Features that will also please the trading partners of China, because it enables them to exchange goods with the second-biggest economy in a much more efficient way. Today, 152 nations are taking part in the belt and road initiative, representing some 40 percent of global GDP.

Host to a Full Range of Services

Switzerland in the past worked hard to become home to a so-called renminbi-hub and therefore the issue may also become a pressing one for its financial market. For instance, whether the hub could be extended to include the digital renminbi.

Furthermore, a transfer of technology may be on the cards: instead of investing heavily in a digital currency, countries involved in the DCEP may simply adopt the Chinese system. With its giant trading platforms such as Alibaba, the Chinese systems give participants access to numerous new business models.

The End of One Hegemony?

With the 5G standard, industry 4.0, artificial intelligence and its digital currency, China offers a plethora of extremely advanced solutions that may turn into hugely lucrative business models. There is likely to be no shortage of takers.

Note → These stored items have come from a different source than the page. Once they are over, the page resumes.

(* For every $\alpha\in[m,M]$ (where $m=\inf_{n\ge1}b_n$, $M=\sup_{n\ge1}b_n$), the limit \[ L(\alpha)=\lim_{x\to+\infty}\frac{1}{\ln x}\sum_{\substack{1\le n\le x\\ b_n\le\alpha}}\frac1n \] exists and equals \[ L(\alpha)=\frac{1}{\ln s}\int_{E_\alpha}\frac{dx}{x},\qquad E_\alpha=\{x\in[s^{-1},1):\ \lambda(x)\le\alpha\}, \] the integral being a Lebesgue integral.
   Context: Fix integers $p\ge 3$ and $2\le s<p$, and a set $A\subset\{0,1,\dots,p-1\}$ with $\#A=s$. Let $h:\{0,1,\dots,s-1\}\to A$ be the unique strictly increasing bijection. For a positive integer $n$ with base-$s$ expansion $n=\sum_{i=0}^k\varepsilon_i s^i$ ($\varepsilon_i\in\{0,\dots,s-1\}$, $\varepsilon_k\ne 0$), put $a_n=\sum_{i=0}^k h(\varepsilon_i)p^i$, and put $a_0=h(0)$. Let $b_n=a_n/n^{\log_s p}$ for $n\ge1$. For real $x\ge0$ let $a(x)=a_{\lfloor x\rfloor}$, and for $x>0$ let $\lambda(x)=\lim_{k\to\infty}\frac{a(s^kx)}{(s^kx)^{\log_s p}}$ (this limit exists for every $x>0$). *)

theory Defs
  imports "HOL-Analysis.Analysis"
begin

definition hmap :: "nat set \<Rightarrow> nat \<Rightarrow> nat" where
  "hmap A i = sorted_list_of_set A ! i"

text \<open>a_n: replace each base-s digit eps_i of n by h(eps_i) and read in base p.
  The digits of n \<ge> 1 are eps_i = (n div s^i) mod s for the indices i with s^i \<le> n.\<close>
definition aseq :: "nat \<Rightarrow> nat \<Rightarrow> nat set \<Rightarrow> nat \<Rightarrow> nat" where
  "aseq p s A n = (if n = 0 then hmap A 0
     else (\<Sum>i\<in>{i. s ^ i \<le> n}. hmap A ((n div s ^ i) mod s) * p ^ i))"

definition bseq :: "nat \<Rightarrow> nat \<Rightarrow> nat set \<Rightarrow> nat \<Rightarrow> real" where
  "bseq p s A n = real (aseq p s A n) / real n powr log (real s) (real p)"

definition afun :: "nat \<Rightarrow> nat \<Rightarrow> nat set \<Rightarrow> real \<Rightarrow> nat" where
  "afun p s A x = aseq p s A (nat \<lfloor>x\<rfloor>)"

definition lam :: "nat \<Rightarrow> nat \<Rightarrow> nat set \<Rightarrow> real \<Rightarrow> real" where
  "lam p s A x = lim (\<lambda>k. real (afun p s A (real s ^ k * x)) /
                          (real s ^ k * x) powr log (real s) (real p))"

end

theory Submission
  imports Defs
begin

(* Digit substitution satisfies a(s n + e) = p a(n) + h(e).  Hence for y in [1/s, 1) the ratios
   a(floor(s^k y)) / p^k increase to a limit Lam(y), with lambda(y) = Lam(y) / y^d where
   d = log_s p > 1, and Lam varies by at most p^-j among the y sharing their first j base-s digits.
   As y^d grows at rate at least s/p on [1/s, 1), a level set {lambda = alpha} meets each of the
   s^j cells of the j-th s-adic partition in a set of diameter O(p^-j), so it is null.
   The block sum of 1/n over s^(K-1) <= n < s^K with b_n <= alpha is the integral over [1/s, 1) of
   the step function s^K [b_m <= alpha] / m, m = floor(s^K x), which tends to [lambda(x) <= alpha] / x
   off that null set because b_m -> lambda(x).  Dominated convergence, a Cesaro average over K and
   squeezing x between s^K and s^(K+1) give the logarithmic density. *)

lemma LIMSEQ_Cesaro_diff:
  fixes X :: "nat \<Rightarrow> real"
  assumes "(\<lambda>n. X (Suc n) - X n) \<longlonglongrightarrow> L"
  shows "(\<lambda>n. X n / real n) \<longlonglongrightarrow> L"
proof (rule LIMSEQ_I)
  fix e :: real assume e: "0 < e"
  from LIMSEQ_D[OF assms, of "e / 2"] e
  obtain N where N: "\<And>n. n \<ge> N \<Longrightarrow> \<bar>X (Suc n) - X n - L\<bar> < e / 2"
    by auto
  define C where "C = \<bar>X N - real N * L\<bar>"
  obtain M :: nat where M: "M > 2 * C / e"
    using reals_Archimedean2 by blast
  show "\<exists>n0. \<forall>n\<ge>n0. norm (X n / real n - L) < e"
  proof (intro exI[of _ "max (Suc N) M"] allI impI)
    fix n assume n: "max (Suc N) M \<le> n"
    then have "N \<le> n" and n_pos: "real n > 0" by auto
    have "(\<Sum>i = N..<n. X (Suc i) - X i - L) = (X n - X N) - real (n - N) * L"
      using sum_Suc_diff'[OF \<open>N \<le> n\<close>, of X] by (simp add: sum_subtractf)
    then have "X n - real n * L = (X N - real N * L) + (\<Sum>i = N..<n. X (Suc i) - X i - L)"
      using \<open>N \<le> n\<close> by (simp add: of_nat_diff algebra_simps)
    then have "\<bar>X n - real n * L\<bar> \<le> C + \<bar>\<Sum>i = N..<n. X (Suc i) - X i - L\<bar>"
      unfolding C_def by linarith
    also have "\<bar>\<Sum>i = N..<n. X (Suc i) - X i - L\<bar> \<le> (\<Sum>i = N..<n. \<bar>X (Suc i) - X i - L\<bar>)"
      by (rule sum_abs)
    also have "\<dots> \<le> real (card {N..<n}) * (e / 2)"
      using N by (intro sum_bounded_above) (auto intro: less_imp_le)
    also have "\<dots> \<le> real n * (e / 2)"
      using e by (intro mult_right_mono) auto
    also have "C + real n * (e / 2) < real n * e"
    proof -
      have "2 * C / e < real n" using M n by linarith
      then show ?thesis using e by (simp add: field_simps)
    qed
    finally show "norm (X n / real n - L) < e"
      using n_pos by (simp add: abs_less_iff field_simps)
  qed
qed

lemma powr_diff_ge_mult_diff:
  fixes c d y z :: real
  assumes "1 \<le> d" "0 < c" "c \<le> y" "y \<le> z"
  shows "c powr (d - 1) * (z - y) \<le> z powr d - y powr d"
proof -
  have "c powr (d - 1) * (z - y) \<le> y powr (d - 1) * (z - y)"
    using assms by (intro mult_right_mono powr_mono2) auto
  also have "\<dots> \<le> z powr (d - 1) * z - y powr (d - 1) * y"
    using assms powr_mono2[of "d - 1" y z] by (simp add: algebra_simps mult_right_mono)
  also have "\<dots> = z powr d - y powr d"
    using assms by (simp add: powr_diff)
  finally show ?thesis .
qed

lemma nat_floor_mult_bounds:
  fixes t :: real and m :: nat
  assumes "0 \<le> t" "0 < m"
  shows "m * nat \<lfloor>t\<rfloor> \<le> nat \<lfloor>m * t\<rfloor> \<and> nat \<lfloor>m * t\<rfloor> < m * (nat \<lfloor>t\<rfloor> + 1)"
proof -
  have t: "real (nat \<lfloor>t\<rfloor>) \<le> t" "t < real (nat \<lfloor>t\<rfloor>) + 1"
    using assms by linarith+
  have "real (m * nat \<lfloor>t\<rfloor>) \<le> m * t"
    using t(1) by (simp add: mult_left_mono)
  moreover have "m * t < real (m * (nat \<lfloor>t\<rfloor> + 1))"
    using mult_strict_left_mono[OF t(2), of "real m"] assms by (simp add: algebra_simps)
  ultimately have "int (m * nat \<lfloor>t\<rfloor>) \<le> \<lfloor>m * t\<rfloor>" "\<lfloor>m * t\<rfloor> < int (m * (nat \<lfloor>t\<rfloor> + 1))"
    unfolding le_floor_iff floor_less_iff by (simp_all only: of_int_of_nat_eq)
  then show ?thesis
    by linarith
qed

lemma floor_mult_eq_iff_Ico:
  fixes c x :: real
  assumes "0 < c"
  shows "\<lfloor>c * x\<rfloor> = int n \<longleftrightarrow> x \<in> {real n / c ..< (real n + 1) / c}"
  using assms by (auto simp: floor_eq_iff pos_divide_le_eq pos_less_divide_eq mult.commute)

lemma has_bochner_integral_indicator_Ico_mult:
  fixes u v c :: real
  assumes "u \<le> v"
  shows "has_bochner_integral lebesgue (\<lambda>x. indicator {u..<v} x * c) ((v - u) * c)"
proof -
  have "measure lebesgue {u..<v} = v - u"
    using assms by simp
  then show ?thesis
    using has_bochner_integral_real_indicator[of "{u..<v}" lebesgue] assms
    by (auto intro!: has_bochner_integral_mult_left simp: emeasure_lborel_Ico)
qed

lemma ln_bounds_floor_log:
  fixes b x :: real
  assumes "1 < b" "b \<le> x"
  shows "1 \<le> nat \<lfloor>log b x\<rfloor>"
    and "real (nat \<lfloor>log b x\<rfloor>) * ln b \<le> ln x" and "ln x < (real (nat \<lfloor>log b x\<rfloor>) + 1) * ln b"
proof -
  have "1 \<le> log b x"
    using assms log_le_cancel_iff[of b b x] by simp
  then have K: "real (nat \<lfloor>log b x\<rfloor>) \<le> log b x" "log b x < real (nat \<lfloor>log b x\<rfloor>) + 1"
    and "1 \<le> nat \<lfloor>log b x\<rfloor>"
    by linarith+
  then show "1 \<le> nat \<lfloor>log b x\<rfloor>" by simp
  have "ln x = log b x * ln b"
    using assms by (simp add: log_def)
  with K assms show "real (nat \<lfloor>log b x\<rfloor>) * ln b \<le> ln x" "ln x < (real (nat \<lfloor>log b x\<rfloor>) + 1) * ln b"
    by (simp_all add: mult_right_mono)
qed

lemma filterlim_nat_floor_log_at_top:
  fixes b :: real
  assumes "1 < b"
  shows "filterlim (\<lambda>x. nat \<lfloor>log b x\<rfloor>) sequentially at_top"
  unfolding filterlim_at_top
proof
  fix Z :: nat
  show "eventually (\<lambda>x. Z \<le> nat \<lfloor>log b x\<rfloor>) at_top"
    using eventually_ge_at_top[of "b ^ Z"]
  proof eventually_elim
    case (elim x)
    then have "log b (b ^ Z) \<le> log b x"
      using assms by (subst log_le_cancel_iff) (auto intro: less_le_trans[of 0 "b ^ Z"])
    then show ?case
      using assms by (simp add: le_nat_floor)
  qed
qed

lemma LIMSEQ_Cesaro_shift:
  fixes P :: "nat \<Rightarrow> real"
  assumes "(\<lambda>K. P K / real K) \<longlonglongrightarrow> J"
  shows "(\<lambda>K. P K / (real K + 1)) \<longlonglongrightarrow> J" "(\<lambda>K. P (Suc K) / real K) \<longlonglongrightarrow> J"
proof -
  have "(\<lambda>K. P K / real K * (real K / real (Suc K))) \<longlonglongrightarrow> J * 1"
    by (intro tendsto_mult assms LIMSEQ_n_over_Suc_n)
  moreover have "\<forall>\<^sub>F K in sequentially. P K / real K * (real K / real (Suc K)) = P K / (real K + 1)"
    using eventually_gt_at_top[of 0] by eventually_elim simp
  ultimately show "(\<lambda>K. P K / (real K + 1)) \<longlonglongrightarrow> J"
    by (simp add: Lim_transform_eventually)
  have "(\<lambda>K. P (Suc K) / real (Suc K) * (real (Suc K) / real K)) \<longlonglongrightarrow> J * 1"
    by (intro tendsto_mult LIMSEQ_Suc[OF assms] LIMSEQ_Suc_n_over_n)
  moreover have "\<forall>\<^sub>F K in sequentially. P (Suc K) / real (Suc K) * (real (Suc K) / real K) = P (Suc K) / real K"
    using eventually_gt_at_top[of 0] by eventually_elim simp
  ultimately show "(\<lambda>K. P (Suc K) / real K) \<longlonglongrightarrow> J"
    by (simp add: Lim_transform_eventually)
qed

lemma tendsto_div_ln_if_Cesaro:
  fixes P :: "nat \<Rightarrow> real" and S :: "real \<Rightarrow> real" and b J :: real
  assumes b: "1 < b" and P: "(\<lambda>K. P K / real K) \<longlonglongrightarrow> J" and P_nonneg: "\<And>K. 0 \<le> P K"
    and S: "\<And>x. b \<le> x \<Longrightarrow> P (nat \<lfloor>log b x\<rfloor>) \<le> S x \<and> S x \<le> P (Suc (nat \<lfloor>log b x\<rfloor>))"
  shows "((\<lambda>x. (1 / ln x) * S x) \<longlongrightarrow> (1 / ln b) * J) at_top"
proof -
  define K where "K x = nat \<lfloor>log b x\<rfloor>" for x
  have lnb: "0 < ln b"
    using b by simp
  have lower: "(\<lambda>K. P K / ((real K + 1) * ln b)) \<longlonglongrightarrow> (1 / ln b) * J"
    using tendsto_divide[OF LIMSEQ_Cesaro_shift(1)[OF P] tendsto_const, of "ln b"] lnb
    by (simp add: field_simps)
  have upper: "(\<lambda>K. P (Suc K) / (real K * ln b)) \<longlonglongrightarrow> (1 / ln b) * J"
    using tendsto_divide[OF LIMSEQ_Cesaro_shift(2)[OF P] tendsto_const, of "ln b"] lnb
    by (simp add: field_simps)
  have bounds: "P (K x) / ((real (K x) + 1) * ln b) \<le> (1 / ln x) * S x
      \<and> (1 / ln x) * S x \<le> P (Suc (K x)) / (real (K x) * ln b)" if x: "b \<le> x" for x
  proof -
    note ln_x = ln_bounds_floor_log[OF b x, folded K_def]
    have Kb: "0 < real (K x) * ln b"
      using ln_x(1) lnb by simp
    have "P (K x) / ((real (K x) + 1) * ln b) \<le> P (K x) / ln x"
      using P_nonneg ln_x Kb by (intro divide_left_mono) auto
    also have "\<dots> \<le> S x / ln x"
      using S[OF x] ln_x Kb by (intro divide_right_mono) (auto simp: K_def)
    moreover have "S x / ln x \<le> P (Suc (K x)) / ln x"
      using S[OF x] ln_x Kb by (intro divide_right_mono) (auto simp: K_def)
    moreover have "\<dots> \<le> P (Suc (K x)) / (real (K x) * ln b)"
      using P_nonneg ln_x Kb by (intro divide_left_mono) auto
    ultimately show ?thesis
      by simp
  qed
  show ?thesis
  proof (rule tendsto_sandwich)
    show "\<forall>\<^sub>F x in at_top. P (K x) / ((real (K x) + 1) * ln b) \<le> 1 / ln x * S x"
      "\<forall>\<^sub>F x in at_top. 1 / ln x * S x \<le> P (Suc (K x)) / (real (K x) * ln b)"
      using eventually_ge_at_top[of b] by (eventually_elim, use bounds in blast)+
    show "((\<lambda>x. P (K x) / ((real (K x) + 1) * ln b)) \<longlongrightarrow> 1 / ln b * J) at_top"
      unfolding K_def by (rule filterlim_compose[OF lower filterlim_nat_floor_log_at_top[OF b]])
    show "((\<lambda>x. P (Suc (K x)) / (real (K x) * ln b)) \<longlongrightarrow> 1 / ln b * J) at_top"
      unfolding K_def by (rule filterlim_compose[OF upper filterlim_nat_floor_log_at_top[OF b]])
  qed
qed

lemma LIMSEQ_nat_floor_pow_mult_div_pow:
  fixes b x :: real
  assumes "1 < b" "0 \<le> x"
  shows "(\<lambda>k. real (nat \<lfloor>b ^ k * x\<rfloor>) / b ^ k) \<longlonglongrightarrow> x"
proof (rule tendsto_sandwich)
  have floor: "b ^ k * x - 1 \<le> real (nat \<lfloor>b ^ k * x\<rfloor>)" "real (nat \<lfloor>b ^ k * x\<rfloor>) \<le> b ^ k * x" for k
  proof -
    have "0 \<le> b ^ k * x" using assms by simp
    then show "b ^ k * x - 1 \<le> real (nat \<lfloor>b ^ k * x\<rfloor>)" "real (nat \<lfloor>b ^ k * x\<rfloor>) \<le> b ^ k * x"
      by linarith+
  qed
  have pos: "0 < b ^ k" for k
    using assms by simp
  show "\<forall>\<^sub>F k in sequentially. x - inverse (b ^ k) \<le> real (nat \<lfloor>b ^ k * x\<rfloor>) / b ^ k"
  proof (intro always_eventually allI)
    fix k
    have "x - inverse (b ^ k) = (b ^ k * x - 1) / b ^ k"
      using assms(1) by (simp add: diff_divide_distrib inverse_eq_divide)
    also have "\<dots> \<le> real (nat \<lfloor>b ^ k * x\<rfloor>) / b ^ k"
      using floor(1) pos[of k] by (intro divide_right_mono) auto
    finally show "x - inverse (b ^ k) \<le> real (nat \<lfloor>b ^ k * x\<rfloor>) / b ^ k" .
  qed
  show "\<forall>\<^sub>F k in sequentially. real (nat \<lfloor>b ^ k * x\<rfloor>) / b ^ k \<le> x"
    using floor(2) pos by (intro always_eventually allI) (simp add: field_simps)
  show "(\<lambda>k. x - inverse (b ^ k)) \<longlonglongrightarrow> x"
    using tendsto_diff[OF tendsto_const LIMSEQ_inverse_realpow_zero[OF assms(1)]] by simp
qed simp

With the establishment of a digital Chinese currency that allows the development of progressive business models, the hegemony of the U.S. dollar may be about to come to an end. Time will tell whether the digital renminbi succeeds in replacing the Greenback as the global currency. But such a development is a strategic nightmare for the U.S. which already fights a hugely expensive trade war with China. The dollar, the weapon the U.S. uses to enforce sanctions across the globe, would lose a lot of its allure.

Headstart for China

It is exactly this concern that Mark Zuckerberg played on when he presented his Libra digital currency to U.S. lawmakers. He suggested that the U.S. may lose its hold over financial markets if it didn't succeed with keeping ahead of rivals in developing advanced solutions. But alas, Libra doesn't look as if it were to launch soon, with the U.S. and Europe showing little interest in handing their currencies over to a private entrepreneur.

Zuckerberg wasn't totally wrong of course. While most Western central banks at are working on their digital currency projects, China already is cementing its position ahead of the pack.